(* Let $a,b,c,d,e,f,g,h\ge0$ and $k,l>0$ be integers with $a+b+c+d>0$, $e+f>0$, $g+h>0$, and let $$E=\begin{bmatrix} J_{k,a}&J_{k,b}&-J_{k,c}&-J_{k,d}&J_{k,e}&-J_{k,f}&0&0\\ -J_{k,a}&-J_{k,b}&J_{k,c}&J_{k,d}&-J_{k,e}&J_{k,f}&0&0\\ J_{l,a}&-J_{l,b}&J_{l,c}&-J_{l,d}&0&0&J_{l,g}&-J_{l,h}\\ -J_{l,a}&J_{l,b}&-J_{l,c}&J_{l,d}&0&0&-J_{l,g}&J_{l,h} \end{bmatrix}$$ satisfy $E\mathbf 1=0$ and $\mathbf 1^TE=0^T$. Then $E$ is realizable if and only if $g-h$ and $e-f$ are even.
   Context: $J_{p,q}$ is the $p\times q$ all-ones matrix. Two $(0,1)$ matrices $A,B$ are Gram mates if $AA^T=BB^T$, $A^TA=B^TB$ and $A\neq B$. A $(0,1,-1)$ matrix $E$ with $E\mathbf 1=0$, $\mathbf 1^TE=0^T$ is realizable if there is a $(0,1)$ matrix $A$ such that $A$ and $A+E$ are Gram mates. *)

theory Defs
  imports "Jordan_Normal_Form.Matrix"
begin

definition zero_one_mat :: "int mat \<Rightarrow> bool" where
  "zero_one_mat A \<longleftrightarrow> (\<forall>i<dim_row A. \<forall>j<dim_col A. A $$ (i,j) \<in> {0,1})"

definition gram_mates :: "int mat \<Rightarrow> int mat \<Rightarrow> bool" where
  "gram_mates A B \<longleftrightarrow> zero_one_mat A \<and> zero_one_mat B \<and>
     dim_row A = dim_row B \<and> dim_col A = dim_col B \<and>
     A * transpose_mat A = B * transpose_mat B \<and>
     transpose_mat A * A = transpose_mat B * B \<and> A \<noteq> B"

definition realizable :: "int mat \<Rightarrow> bool" where
  "realizable E \<longleftrightarrow> (\<exists>A. dim_row A = dim_row E \<and> dim_col A = dim_col E \<and>
     zero_one_mat A \<and> gram_mates A (A + E))"

text \<open>Index of the block (w.r.t. consecutive block sizes) containing a position.\<close>
fun blk :: "nat list \<Rightarrow> nat \<Rightarrow> nat" where
  "blk [] i = 0"
| "blk (s # ss) i = (if i < s then 0 else Suc (blk ss (i - s)))"

text \<open>Sign pattern of the 4 x 8 block matrix; block (r,c) is sign * J.\<close>
definition sign_pattern :: "int list list" where
  "sign_pattern =
    [[ 1,  1, -1, -1,  1, -1,  0,  0],
     [-1, -1,  1,  1, -1,  1,  0,  0],
     [ 1, -1,  1, -1,  0,  0,  1, -1],
     [-1,  1, -1,  1,  0,  0, -1,  1]]"

definition E_mat :: "nat \<Rightarrow> nat \<Rightarrow> nat \<Rightarrow> nat \<Rightarrow> nat \<Rightarrow> nat \<Rightarrow> nat \<Rightarrow> nat \<Rightarrow> nat \<Rightarrow> nat \<Rightarrow> int mat" where
  "E_mat k l a b c d e f g h =
     mat (k + k + l + l) (a + b + c + d + e + f + g + h)
       (\<lambda>(i,j). sign_pattern ! blk [k, k, l, l] i ! blk [a, b, c, d, e, f, g, h] j)"

end

theory Submission
  imports Defs
begin

(* Sufficiency: write g - h = 2 (p - q) and e - f = 2 (p' - q'). Take A forced by E where E is
   nonzero; on the zero blocks of E, let the rows of the first two row blocks have their ones at
   the first p and q columns of blocks g and h, and those of the last two row blocks at the
   first p' and q' columns of blocks e and f. Then each row of A + E is the row of A in the
   partner row block (1 and 2, 3 and 4), so A + E is a row permutation of A and A^T A is
   unchanged; A A^T is unchanged because the row-sum conditions make the inner products of the
   four row types invariant under the partner swap.

   Necessity: the (0,1) conditions force A wherever E is nonzero. Let X be the number of ones
   of the first row of A in block g minus that in block h. The row Gram matrices at the first
   row and a row of row block 3 (resp. 4) show that this row has d - a - X (resp. c - b + X)
   more ones in block e than in block f; the column Gram matrices at the first column and the
   columns of blocks e and f show that row blocks 3 and 4 have equally many ones in each such
   column. Summing over row blocks 3 and 4 gives d - a - X = c - b + X, so g - h = 2 X and
   e - f = 2 (d - a - X) by the row-sum conditions. *)

lemma sum_lessThan_add: "(\<Sum>j<(x::nat) + y. F j) = (\<Sum>j<x. F j) + (\<Sum>j<y. F (x + j))"
  by (induction y arbitrary: F) (auto simp: add.assoc)

lemma sum_lessThan_of_bool_less: "(\<Sum>j<g. (of_bool (j < p) :: 'a::semiring_1)) = of_nat (min p g)"
proof -
  have "{..<g} \<inter> {j. j < p} = {..<min p g}" by auto
  then show ?thesis by simp
qed

lemma index_mult_transpose_mat:
  fixes A :: "'a::comm_semiring_0 mat"
  assumes "i < dim_row A" "i' < dim_row A"
  shows "(A * transpose_mat A) $$ (i, i') = (\<Sum>j<dim_col A. A $$ (i, j) * A $$ (i', j))"
  using assms by (simp add: scalar_prod_def atLeast0LessThan)

lemma index_transpose_mult_mat:
  fixes A :: "'a::comm_semiring_0 mat"
  assumes "j < dim_col A" "j' < dim_col A"
  shows "(transpose_mat A * A) $$ (j, j') = (\<Sum>i<dim_row A. A $$ (i, j) * A $$ (i, j'))"
  using assms by (simp add: scalar_prod_def atLeast0LessThan)

lemma mult_transpose_add_eqD:
  fixes A E :: "'a::comm_ring mat"
  assumes "dim_row E = dim_row A" "dim_col E = dim_col A"
    and "A * transpose_mat A = (A + E) * transpose_mat (A + E)"
    and "i < dim_row A" "i' < dim_row A"
  shows "(\<Sum>j<dim_col A. A $$ (i, j) * E $$ (i', j) + E $$ (i, j) * A $$ (i', j)
           + E $$ (i, j) * E $$ (i', j)) = 0"
proof -
  have "(\<Sum>j<dim_col A. A $$ (i, j) * A $$ (i', j))
      = (\<Sum>j<dim_col A. (A $$ (i, j) + E $$ (i, j)) * (A $$ (i', j) + E $$ (i', j)))"
    using assms index_mult_transpose_mat[of i A i'] index_mult_transpose_mat[of i "A + E" i']
    by simp
  then show ?thesis
    by (simp add: algebra_simps sum.distrib)
qed

lemma transpose_mult_add_eqD:
  fixes A E :: "'a::comm_ring mat"
  assumes "dim_row E = dim_row A" "dim_col E = dim_col A"
    and "transpose_mat A * A = transpose_mat (A + E) * (A + E)"
    and "j < dim_col A" "j' < dim_col A"
  shows "(\<Sum>i<dim_row A. A $$ (i, j) * E $$ (i, j') + E $$ (i, j) * A $$ (i, j')
           + E $$ (i, j) * E $$ (i, j')) = 0"
proof -
  have "(\<Sum>i<dim_row A. A $$ (i, j) * A $$ (i, j'))
      = (\<Sum>i<dim_row A. (A $$ (i, j) + E $$ (i, j)) * (A $$ (i, j') + E $$ (i, j')))"
    using assms index_transpose_mult_mat[of j A j'] index_transpose_mult_mat[of j "A + E" j']
    by simp
  then show ?thesis
    by (simp add: algebra_simps sum.distrib)
qed

lemma transpose_mult_row_permuted:
  fixes A B :: "'a::comm_semiring_0 mat"
  assumes "dim_row B = dim_row A" "dim_col B = dim_col A"
    and "bij_betw \<sigma> {..<dim_row A} {..<dim_row A}"
    and "\<And>i j. i < dim_row A \<Longrightarrow> j < dim_col A \<Longrightarrow> B $$ (i, j) = A $$ (\<sigma> i, j)"
  shows "transpose_mat B * B = transpose_mat A * A"
proof (rule eq_matI)
  fix j j' assume "j < dim_row (transpose_mat A * A)" "j' < dim_col (transpose_mat A * A)"
  then have jj': "j < dim_col A" "j' < dim_col A" by simp_all
  have "(transpose_mat B * B) $$ (j, j') = (\<Sum>i<dim_row B. B $$ (i, j) * B $$ (i, j'))"
    by (rule index_transpose_mult_mat) (use assms jj' in simp_all)
  also have "\<dots> = (\<Sum>i<dim_row A. A $$ (\<sigma> i, j) * A $$ (\<sigma> i, j'))"
    using assms jj' by simp
  also have "\<dots> = (\<Sum>i<dim_row A. A $$ (i, j) * A $$ (i, j'))"
    using sum.reindex_bij_betw[OF assms(3)] .
  also have "\<dots> = (transpose_mat A * A) $$ (j, j')"
    using index_transpose_mult_mat[OF jj'] by simp
  finally show "(transpose_mat B * B) $$ (j, j') = (transpose_mat A * A) $$ (j, j')" .
qed (use assms in simp_all)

::::::::::

• TASK TO COMPLETE: If a line in the records includes "also", it counts toward the total; report that total by itself.

• OUTPUT FOR THIS EXERCISE: 3